(Saved entries)
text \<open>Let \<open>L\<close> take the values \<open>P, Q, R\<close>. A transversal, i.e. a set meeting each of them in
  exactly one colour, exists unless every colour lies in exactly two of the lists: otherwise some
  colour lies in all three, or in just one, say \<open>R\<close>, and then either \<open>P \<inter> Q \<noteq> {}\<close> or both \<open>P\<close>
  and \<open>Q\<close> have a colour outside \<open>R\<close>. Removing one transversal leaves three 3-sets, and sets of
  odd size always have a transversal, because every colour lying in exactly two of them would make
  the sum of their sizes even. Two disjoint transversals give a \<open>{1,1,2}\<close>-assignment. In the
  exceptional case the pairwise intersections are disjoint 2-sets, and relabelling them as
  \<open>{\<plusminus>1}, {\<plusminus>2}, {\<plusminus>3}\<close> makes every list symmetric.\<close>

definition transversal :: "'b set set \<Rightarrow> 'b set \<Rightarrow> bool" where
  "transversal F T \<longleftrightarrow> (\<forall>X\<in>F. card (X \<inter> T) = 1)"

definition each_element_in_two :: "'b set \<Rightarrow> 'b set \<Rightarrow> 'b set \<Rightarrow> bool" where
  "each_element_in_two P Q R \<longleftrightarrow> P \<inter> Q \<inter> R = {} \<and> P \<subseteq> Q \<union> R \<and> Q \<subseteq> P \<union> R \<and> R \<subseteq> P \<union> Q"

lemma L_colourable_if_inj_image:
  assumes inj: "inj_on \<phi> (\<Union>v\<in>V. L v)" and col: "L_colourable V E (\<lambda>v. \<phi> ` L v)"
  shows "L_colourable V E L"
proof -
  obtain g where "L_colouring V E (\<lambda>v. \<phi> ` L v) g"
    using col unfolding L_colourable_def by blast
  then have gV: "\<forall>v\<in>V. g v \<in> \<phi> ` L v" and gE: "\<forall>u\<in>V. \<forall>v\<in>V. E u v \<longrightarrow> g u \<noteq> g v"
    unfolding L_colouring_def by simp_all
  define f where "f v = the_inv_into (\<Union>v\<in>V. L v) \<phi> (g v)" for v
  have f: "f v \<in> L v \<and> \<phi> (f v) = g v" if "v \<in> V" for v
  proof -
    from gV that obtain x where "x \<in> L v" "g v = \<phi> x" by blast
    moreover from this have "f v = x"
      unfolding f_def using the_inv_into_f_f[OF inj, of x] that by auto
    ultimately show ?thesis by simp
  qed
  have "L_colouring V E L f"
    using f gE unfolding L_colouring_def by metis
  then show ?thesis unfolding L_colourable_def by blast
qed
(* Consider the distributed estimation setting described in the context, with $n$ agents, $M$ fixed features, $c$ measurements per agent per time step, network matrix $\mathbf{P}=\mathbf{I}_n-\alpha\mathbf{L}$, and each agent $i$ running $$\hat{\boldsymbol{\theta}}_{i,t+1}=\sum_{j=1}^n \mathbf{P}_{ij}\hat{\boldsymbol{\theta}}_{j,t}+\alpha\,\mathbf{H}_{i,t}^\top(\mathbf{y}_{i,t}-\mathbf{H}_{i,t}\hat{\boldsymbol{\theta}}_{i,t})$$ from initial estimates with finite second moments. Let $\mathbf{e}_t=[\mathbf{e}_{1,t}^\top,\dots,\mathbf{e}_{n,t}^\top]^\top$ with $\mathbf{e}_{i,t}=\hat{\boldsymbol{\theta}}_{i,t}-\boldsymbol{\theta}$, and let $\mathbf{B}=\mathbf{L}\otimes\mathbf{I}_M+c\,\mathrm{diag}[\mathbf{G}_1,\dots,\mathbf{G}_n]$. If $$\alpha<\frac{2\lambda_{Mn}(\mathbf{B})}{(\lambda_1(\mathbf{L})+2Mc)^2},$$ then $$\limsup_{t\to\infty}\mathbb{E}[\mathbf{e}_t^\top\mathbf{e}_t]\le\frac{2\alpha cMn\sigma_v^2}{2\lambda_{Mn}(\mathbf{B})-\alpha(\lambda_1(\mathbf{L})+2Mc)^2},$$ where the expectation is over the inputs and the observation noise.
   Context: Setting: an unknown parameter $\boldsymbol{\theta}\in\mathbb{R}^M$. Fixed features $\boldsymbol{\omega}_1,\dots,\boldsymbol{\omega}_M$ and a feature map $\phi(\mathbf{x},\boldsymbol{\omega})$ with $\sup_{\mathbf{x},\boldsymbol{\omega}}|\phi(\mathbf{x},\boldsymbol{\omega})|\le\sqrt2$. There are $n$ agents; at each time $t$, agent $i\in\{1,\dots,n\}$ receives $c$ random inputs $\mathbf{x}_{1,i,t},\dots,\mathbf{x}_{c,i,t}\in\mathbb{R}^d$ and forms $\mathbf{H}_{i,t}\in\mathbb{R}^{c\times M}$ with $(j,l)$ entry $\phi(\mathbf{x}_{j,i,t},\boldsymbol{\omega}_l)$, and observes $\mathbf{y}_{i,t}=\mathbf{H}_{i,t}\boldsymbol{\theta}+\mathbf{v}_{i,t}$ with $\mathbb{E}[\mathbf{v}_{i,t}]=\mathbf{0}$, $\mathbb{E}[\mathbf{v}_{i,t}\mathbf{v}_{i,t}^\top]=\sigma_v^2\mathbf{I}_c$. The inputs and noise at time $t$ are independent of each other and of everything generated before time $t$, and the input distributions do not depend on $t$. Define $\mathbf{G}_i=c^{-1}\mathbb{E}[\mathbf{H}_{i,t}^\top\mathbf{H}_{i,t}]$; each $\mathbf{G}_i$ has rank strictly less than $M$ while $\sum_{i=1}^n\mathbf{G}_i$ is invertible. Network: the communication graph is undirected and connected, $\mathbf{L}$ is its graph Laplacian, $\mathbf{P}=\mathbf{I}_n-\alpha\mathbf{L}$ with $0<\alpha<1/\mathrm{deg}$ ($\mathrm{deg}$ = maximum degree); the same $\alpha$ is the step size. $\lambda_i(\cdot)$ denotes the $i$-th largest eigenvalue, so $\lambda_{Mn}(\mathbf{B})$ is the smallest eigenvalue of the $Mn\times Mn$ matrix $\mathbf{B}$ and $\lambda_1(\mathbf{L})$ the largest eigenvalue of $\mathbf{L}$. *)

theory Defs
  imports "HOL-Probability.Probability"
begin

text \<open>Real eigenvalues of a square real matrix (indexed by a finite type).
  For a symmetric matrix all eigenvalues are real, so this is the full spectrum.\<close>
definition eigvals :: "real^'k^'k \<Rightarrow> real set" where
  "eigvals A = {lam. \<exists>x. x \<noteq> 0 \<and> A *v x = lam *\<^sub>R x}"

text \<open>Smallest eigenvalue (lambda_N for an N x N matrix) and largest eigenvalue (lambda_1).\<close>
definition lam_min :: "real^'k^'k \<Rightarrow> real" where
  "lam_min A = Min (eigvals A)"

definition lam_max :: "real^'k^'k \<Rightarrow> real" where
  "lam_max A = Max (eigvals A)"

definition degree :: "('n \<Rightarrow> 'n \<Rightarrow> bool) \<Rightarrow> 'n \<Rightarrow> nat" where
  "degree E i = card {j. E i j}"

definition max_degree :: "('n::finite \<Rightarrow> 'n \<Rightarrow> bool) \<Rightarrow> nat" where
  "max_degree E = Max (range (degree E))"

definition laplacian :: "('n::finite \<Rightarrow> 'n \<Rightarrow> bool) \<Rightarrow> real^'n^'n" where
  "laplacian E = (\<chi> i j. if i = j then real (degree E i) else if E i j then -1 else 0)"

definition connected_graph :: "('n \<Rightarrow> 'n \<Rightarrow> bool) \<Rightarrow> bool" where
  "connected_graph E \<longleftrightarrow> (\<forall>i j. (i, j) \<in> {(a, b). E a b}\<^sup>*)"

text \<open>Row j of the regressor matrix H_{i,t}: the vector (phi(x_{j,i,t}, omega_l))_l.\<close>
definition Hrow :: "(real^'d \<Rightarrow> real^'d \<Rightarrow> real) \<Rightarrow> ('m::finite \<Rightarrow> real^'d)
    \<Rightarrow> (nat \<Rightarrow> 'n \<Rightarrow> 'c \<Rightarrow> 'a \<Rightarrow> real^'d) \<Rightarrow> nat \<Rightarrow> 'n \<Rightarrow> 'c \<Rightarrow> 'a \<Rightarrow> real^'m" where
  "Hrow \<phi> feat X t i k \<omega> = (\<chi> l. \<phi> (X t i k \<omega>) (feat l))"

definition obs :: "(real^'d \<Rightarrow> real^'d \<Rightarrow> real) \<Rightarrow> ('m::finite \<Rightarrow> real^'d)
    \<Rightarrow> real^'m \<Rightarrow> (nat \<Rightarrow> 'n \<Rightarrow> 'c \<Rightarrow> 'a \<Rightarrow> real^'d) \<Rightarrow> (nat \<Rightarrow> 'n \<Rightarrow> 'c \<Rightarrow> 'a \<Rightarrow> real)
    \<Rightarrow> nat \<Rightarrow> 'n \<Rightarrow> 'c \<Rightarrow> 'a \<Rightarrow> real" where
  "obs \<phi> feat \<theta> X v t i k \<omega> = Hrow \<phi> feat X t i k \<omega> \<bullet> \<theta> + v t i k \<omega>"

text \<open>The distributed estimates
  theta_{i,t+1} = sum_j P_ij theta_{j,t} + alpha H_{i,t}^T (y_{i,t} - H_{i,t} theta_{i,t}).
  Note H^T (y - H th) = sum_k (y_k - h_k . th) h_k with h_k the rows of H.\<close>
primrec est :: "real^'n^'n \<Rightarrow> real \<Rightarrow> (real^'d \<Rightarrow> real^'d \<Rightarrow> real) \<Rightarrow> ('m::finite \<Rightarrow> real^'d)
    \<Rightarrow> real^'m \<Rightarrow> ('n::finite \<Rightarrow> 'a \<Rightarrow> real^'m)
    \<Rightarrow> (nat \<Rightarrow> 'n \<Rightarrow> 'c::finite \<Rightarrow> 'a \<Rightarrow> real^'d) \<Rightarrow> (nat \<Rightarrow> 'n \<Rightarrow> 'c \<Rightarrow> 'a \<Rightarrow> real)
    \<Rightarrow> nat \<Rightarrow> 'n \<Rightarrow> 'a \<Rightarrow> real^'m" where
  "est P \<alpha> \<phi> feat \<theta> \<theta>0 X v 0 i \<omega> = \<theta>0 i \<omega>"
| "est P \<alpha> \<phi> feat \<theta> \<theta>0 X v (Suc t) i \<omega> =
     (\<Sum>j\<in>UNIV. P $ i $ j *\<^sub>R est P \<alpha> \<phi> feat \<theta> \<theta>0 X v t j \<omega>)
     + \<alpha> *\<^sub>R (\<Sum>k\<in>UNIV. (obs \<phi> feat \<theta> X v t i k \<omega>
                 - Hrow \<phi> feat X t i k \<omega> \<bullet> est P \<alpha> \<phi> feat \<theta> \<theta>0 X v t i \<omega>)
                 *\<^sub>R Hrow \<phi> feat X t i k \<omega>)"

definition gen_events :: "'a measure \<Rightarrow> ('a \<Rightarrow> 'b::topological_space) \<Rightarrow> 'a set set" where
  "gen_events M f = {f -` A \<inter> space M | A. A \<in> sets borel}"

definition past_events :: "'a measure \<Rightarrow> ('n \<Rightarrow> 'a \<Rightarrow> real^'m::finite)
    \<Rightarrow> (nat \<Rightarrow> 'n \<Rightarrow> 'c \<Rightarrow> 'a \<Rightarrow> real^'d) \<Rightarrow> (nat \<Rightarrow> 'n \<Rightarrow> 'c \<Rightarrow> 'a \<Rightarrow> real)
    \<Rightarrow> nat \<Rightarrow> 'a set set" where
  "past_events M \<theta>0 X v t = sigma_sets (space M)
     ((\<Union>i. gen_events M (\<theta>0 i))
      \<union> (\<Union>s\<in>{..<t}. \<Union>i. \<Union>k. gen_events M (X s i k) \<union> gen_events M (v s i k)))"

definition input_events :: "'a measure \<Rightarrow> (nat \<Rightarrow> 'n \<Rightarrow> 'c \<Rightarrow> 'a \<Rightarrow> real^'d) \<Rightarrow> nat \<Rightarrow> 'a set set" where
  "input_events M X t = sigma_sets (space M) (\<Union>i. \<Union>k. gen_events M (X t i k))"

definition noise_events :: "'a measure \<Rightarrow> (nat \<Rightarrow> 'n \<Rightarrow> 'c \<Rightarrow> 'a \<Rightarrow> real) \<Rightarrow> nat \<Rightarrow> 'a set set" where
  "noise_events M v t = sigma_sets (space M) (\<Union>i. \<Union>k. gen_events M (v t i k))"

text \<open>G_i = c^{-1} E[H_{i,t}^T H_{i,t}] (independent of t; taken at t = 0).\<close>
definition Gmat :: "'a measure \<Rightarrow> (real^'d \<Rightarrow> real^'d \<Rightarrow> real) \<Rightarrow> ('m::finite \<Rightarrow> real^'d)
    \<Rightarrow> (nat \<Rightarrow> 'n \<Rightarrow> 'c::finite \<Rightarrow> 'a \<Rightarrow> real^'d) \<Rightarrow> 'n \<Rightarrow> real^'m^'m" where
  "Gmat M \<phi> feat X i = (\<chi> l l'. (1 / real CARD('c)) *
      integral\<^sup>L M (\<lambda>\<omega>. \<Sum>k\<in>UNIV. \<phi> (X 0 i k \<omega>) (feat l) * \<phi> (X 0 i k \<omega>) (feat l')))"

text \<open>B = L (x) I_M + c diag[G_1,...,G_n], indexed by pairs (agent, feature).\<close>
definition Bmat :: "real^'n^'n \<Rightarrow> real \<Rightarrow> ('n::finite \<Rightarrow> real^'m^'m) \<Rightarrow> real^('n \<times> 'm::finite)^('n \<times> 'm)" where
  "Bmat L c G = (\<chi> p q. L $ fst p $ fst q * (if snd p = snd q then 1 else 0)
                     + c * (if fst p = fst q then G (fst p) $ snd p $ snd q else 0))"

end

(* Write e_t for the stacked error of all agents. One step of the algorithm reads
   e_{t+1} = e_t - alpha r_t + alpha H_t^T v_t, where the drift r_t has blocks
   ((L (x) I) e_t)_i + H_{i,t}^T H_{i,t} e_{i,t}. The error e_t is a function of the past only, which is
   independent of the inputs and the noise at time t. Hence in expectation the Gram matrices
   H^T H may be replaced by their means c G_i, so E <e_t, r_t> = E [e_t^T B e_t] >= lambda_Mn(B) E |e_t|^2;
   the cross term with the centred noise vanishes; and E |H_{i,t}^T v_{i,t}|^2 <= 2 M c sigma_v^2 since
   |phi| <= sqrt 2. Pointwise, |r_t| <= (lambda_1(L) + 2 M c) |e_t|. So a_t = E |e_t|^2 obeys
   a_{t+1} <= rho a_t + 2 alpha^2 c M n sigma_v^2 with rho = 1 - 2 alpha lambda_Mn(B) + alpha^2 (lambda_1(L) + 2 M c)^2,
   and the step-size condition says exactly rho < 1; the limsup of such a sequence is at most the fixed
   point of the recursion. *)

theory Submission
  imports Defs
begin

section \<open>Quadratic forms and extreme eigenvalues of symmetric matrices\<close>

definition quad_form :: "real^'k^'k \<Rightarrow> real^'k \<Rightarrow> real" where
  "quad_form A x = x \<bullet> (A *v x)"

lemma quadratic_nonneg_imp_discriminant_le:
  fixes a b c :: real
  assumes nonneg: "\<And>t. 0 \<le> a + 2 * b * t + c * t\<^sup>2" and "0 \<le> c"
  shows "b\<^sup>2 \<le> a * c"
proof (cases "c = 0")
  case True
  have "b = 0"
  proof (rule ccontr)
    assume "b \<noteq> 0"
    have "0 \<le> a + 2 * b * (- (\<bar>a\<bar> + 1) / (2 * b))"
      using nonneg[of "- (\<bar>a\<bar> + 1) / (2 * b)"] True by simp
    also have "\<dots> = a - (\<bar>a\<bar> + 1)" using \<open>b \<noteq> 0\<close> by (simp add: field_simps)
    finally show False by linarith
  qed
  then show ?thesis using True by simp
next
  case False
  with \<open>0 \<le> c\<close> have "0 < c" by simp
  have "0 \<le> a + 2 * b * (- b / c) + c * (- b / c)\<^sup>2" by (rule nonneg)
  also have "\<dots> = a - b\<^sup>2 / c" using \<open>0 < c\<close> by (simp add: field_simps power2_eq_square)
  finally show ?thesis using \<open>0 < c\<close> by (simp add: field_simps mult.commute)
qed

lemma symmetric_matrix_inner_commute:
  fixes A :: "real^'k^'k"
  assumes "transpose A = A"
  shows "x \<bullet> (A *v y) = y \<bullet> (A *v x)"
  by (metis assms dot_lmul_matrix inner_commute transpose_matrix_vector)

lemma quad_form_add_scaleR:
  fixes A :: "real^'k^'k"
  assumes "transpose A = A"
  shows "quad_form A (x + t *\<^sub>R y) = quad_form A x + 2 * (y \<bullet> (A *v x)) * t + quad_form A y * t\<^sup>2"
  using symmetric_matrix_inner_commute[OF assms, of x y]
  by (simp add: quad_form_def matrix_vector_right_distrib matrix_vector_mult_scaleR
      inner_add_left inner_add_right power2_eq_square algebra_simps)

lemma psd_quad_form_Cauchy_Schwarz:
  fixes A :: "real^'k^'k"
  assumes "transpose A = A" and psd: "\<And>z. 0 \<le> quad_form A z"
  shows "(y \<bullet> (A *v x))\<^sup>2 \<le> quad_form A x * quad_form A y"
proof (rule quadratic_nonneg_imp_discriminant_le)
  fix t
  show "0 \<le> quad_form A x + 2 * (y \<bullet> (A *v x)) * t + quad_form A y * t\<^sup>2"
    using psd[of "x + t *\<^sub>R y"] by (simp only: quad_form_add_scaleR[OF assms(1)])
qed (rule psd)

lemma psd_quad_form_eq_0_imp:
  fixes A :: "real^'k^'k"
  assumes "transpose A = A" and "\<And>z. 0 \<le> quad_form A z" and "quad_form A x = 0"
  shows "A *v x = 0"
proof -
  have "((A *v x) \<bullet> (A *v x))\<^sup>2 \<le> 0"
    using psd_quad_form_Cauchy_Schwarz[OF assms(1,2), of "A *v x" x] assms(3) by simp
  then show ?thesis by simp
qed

→ **YOUR ASSIGNMENT**: Which lines of the data include "shows"? Copy each of them.

→ **EXPECTED ANSWER**:
  shows "L_colourable V E L"
  shows "b\<^sup>2 \<le> a * c"
  shows "x \<bullet> (A *v y) = y \<bullet> (A *v x)"
  shows "quad_form A (x + t *\<^sub>R y) = quad_form A x + 2 * (y \<bullet> (A *v x)) * t + quad_form A y * t\<^sup>2"
  shows "(y \<bullet> (A *v x))\<^sup>2 \<le> quad_form A x * quad_form A y"
  shows "A *v x = 0"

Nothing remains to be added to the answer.